From the first line to the last, print the data exactly.

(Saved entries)

= Beginning of Section =

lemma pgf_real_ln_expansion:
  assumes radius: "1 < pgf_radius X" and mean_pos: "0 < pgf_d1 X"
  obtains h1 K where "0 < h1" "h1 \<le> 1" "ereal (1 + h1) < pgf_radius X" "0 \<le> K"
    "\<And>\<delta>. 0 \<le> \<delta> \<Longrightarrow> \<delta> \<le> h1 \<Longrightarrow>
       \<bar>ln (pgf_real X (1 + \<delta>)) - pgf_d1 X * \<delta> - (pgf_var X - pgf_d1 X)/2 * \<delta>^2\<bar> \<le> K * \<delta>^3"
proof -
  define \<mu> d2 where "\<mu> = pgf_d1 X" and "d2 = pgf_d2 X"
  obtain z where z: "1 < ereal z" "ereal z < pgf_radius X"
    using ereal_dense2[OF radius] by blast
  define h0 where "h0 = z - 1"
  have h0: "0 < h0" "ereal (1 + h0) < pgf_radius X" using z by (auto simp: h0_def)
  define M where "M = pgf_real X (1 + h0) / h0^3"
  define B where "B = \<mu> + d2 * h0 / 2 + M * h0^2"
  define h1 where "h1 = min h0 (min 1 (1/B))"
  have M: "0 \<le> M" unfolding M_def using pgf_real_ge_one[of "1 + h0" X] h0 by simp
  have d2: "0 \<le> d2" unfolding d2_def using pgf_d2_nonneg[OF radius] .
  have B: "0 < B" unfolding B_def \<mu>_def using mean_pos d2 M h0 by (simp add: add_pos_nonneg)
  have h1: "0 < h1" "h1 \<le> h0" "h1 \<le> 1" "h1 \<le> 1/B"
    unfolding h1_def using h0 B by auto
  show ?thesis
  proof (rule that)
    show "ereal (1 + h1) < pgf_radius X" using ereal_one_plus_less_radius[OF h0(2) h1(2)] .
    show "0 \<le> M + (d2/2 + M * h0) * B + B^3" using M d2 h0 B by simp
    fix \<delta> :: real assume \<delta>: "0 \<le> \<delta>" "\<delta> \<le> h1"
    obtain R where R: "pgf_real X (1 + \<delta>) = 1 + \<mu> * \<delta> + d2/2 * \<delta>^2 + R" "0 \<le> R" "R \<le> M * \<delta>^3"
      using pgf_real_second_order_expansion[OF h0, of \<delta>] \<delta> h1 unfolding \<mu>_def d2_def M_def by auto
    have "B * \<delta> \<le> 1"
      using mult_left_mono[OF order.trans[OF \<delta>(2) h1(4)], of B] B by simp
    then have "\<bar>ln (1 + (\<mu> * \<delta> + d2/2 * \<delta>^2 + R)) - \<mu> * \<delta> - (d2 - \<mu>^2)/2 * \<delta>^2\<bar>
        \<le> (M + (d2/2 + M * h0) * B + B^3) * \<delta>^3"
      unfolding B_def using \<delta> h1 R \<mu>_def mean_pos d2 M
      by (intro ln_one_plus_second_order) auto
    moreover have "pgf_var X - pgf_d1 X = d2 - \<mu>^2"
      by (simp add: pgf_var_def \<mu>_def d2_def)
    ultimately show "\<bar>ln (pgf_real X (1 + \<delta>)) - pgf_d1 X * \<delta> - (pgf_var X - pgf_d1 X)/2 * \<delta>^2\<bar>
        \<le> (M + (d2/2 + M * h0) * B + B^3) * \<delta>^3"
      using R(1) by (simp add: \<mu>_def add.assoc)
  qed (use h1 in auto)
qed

= End of Section =

(Output below):
lemma pgf_real_ln_expansion:
  assumes radius: "1 < pgf_radius X" and mean_pos: "0 < pgf_d1 X"
  obtains h1 K where "0 < h1" "h1 \<le> 1" "ereal (1 + h1) < pgf_radius X" "0 \<le> K"
    "\<And>\<delta>. 0 \<le> \<delta> \<Longrightarrow> \<delta> \<le> h1 \<Longrightarrow>
       \<bar>ln (pgf_real X (1 + \<delta>)) - pgf_d1 X * \<delta> - (pgf_var X - pgf_d1 X)/2 * \<delta>^2\<bar> \<le> K * \<delta>^3"
proof -
  define \<mu> d2 where "\<mu> = pgf_d1 X" and "d2 = pgf_d2 X"
  obtain z where z: "1 < ereal z" "ereal z < pgf_radius X"
    using ereal_dense2[OF radius] by blast
  define h0 where "h0 = z - 1"
  have h0: "0 < h0" "ereal (1 + h0) < pgf_radius X" using z by (auto simp: h0_def)
  define M where "M = pgf_real X (1 + h0) / h0^3"
  define B where "B = \<mu> + d2 * h0 / 2 + M * h0^2"
  define h1 where "h1 = min h0 (min 1 (1/B))"
  have M: "0 \<le> M" unfolding M_def using pgf_real_ge_one[of "1 + h0" X] h0 by simp
  have d2: "0 \<le> d2" unfolding d2_def using pgf_d2_nonneg[OF radius] .
  have B: "0 < B" unfolding B_def \<mu>_def using mean_pos d2 M h0 by (simp add: add_pos_nonneg)
  have h1: "0 < h1" "h1 \<le> h0" "h1 \<le> 1" "h1 \<le> 1/B"
    unfolding h1_def using h0 B by auto
  show ?thesis
  proof (rule that)
    show "ereal (1 + h1) < pgf_radius X" using ereal_one_plus_less_radius[OF h0(2) h1(2)] .
    show "0 \<le> M + (d2/2 + M * h0) * B + B^3" using M d2 h0 B by simp
    fix \<delta> :: real assume \<delta>: "0 \<le> \<delta>" "\<delta> \<le> h1"
    obtain R where R: "pgf_real X (1 + \<delta>) = 1 + \<mu> * \<delta> + d2/2 * \<delta>^2 + R" "0 \<le> R" "R \<le> M * \<delta>^3"
      using pgf_real_second_order_expansion[OF h0, of \<delta>] \<delta> h1 unfolding \<mu>_def d2_def M_def by auto
    have "B * \<delta> \<le> 1"
      using mult_left_mono[OF order.trans[OF \<delta>(2) h1(4)], of B] B by simp
    then have "\<bar>ln (1 + (\<mu> * \<delta> + d2/2 * \<delta>^2 + R)) - \<mu> * \<delta> - (d2 - \<mu>^2)/2 * \<delta>^2\<bar>
        \<le> (M + (d2/2 + M * h0) * B + B^3) * \<delta>^3"
      unfolding B_def using \<delta> h1 R \<mu>_def mean_pos d2 M
      by (intro ln_one_plus_second_order) auto
    moreover have "pgf_var X - pgf_d1 X = d2 - \<mu>^2"
      by (simp add: pgf_var_def \<mu>_def d2_def)
    ultimately show "\<bar>ln (pgf_real X (1 + \<delta>)) - pgf_d1 X * \<delta> - (pgf_var X - pgf_d1 X)/2 * \<delta>^2\<bar>
        \<le> (M + (d2/2 + M * h0) * B + B^3) * \<delta>^3"
      using R(1) by (simp add: \<mu>_def add.assoc)
  qed (use h1 in auto)
qed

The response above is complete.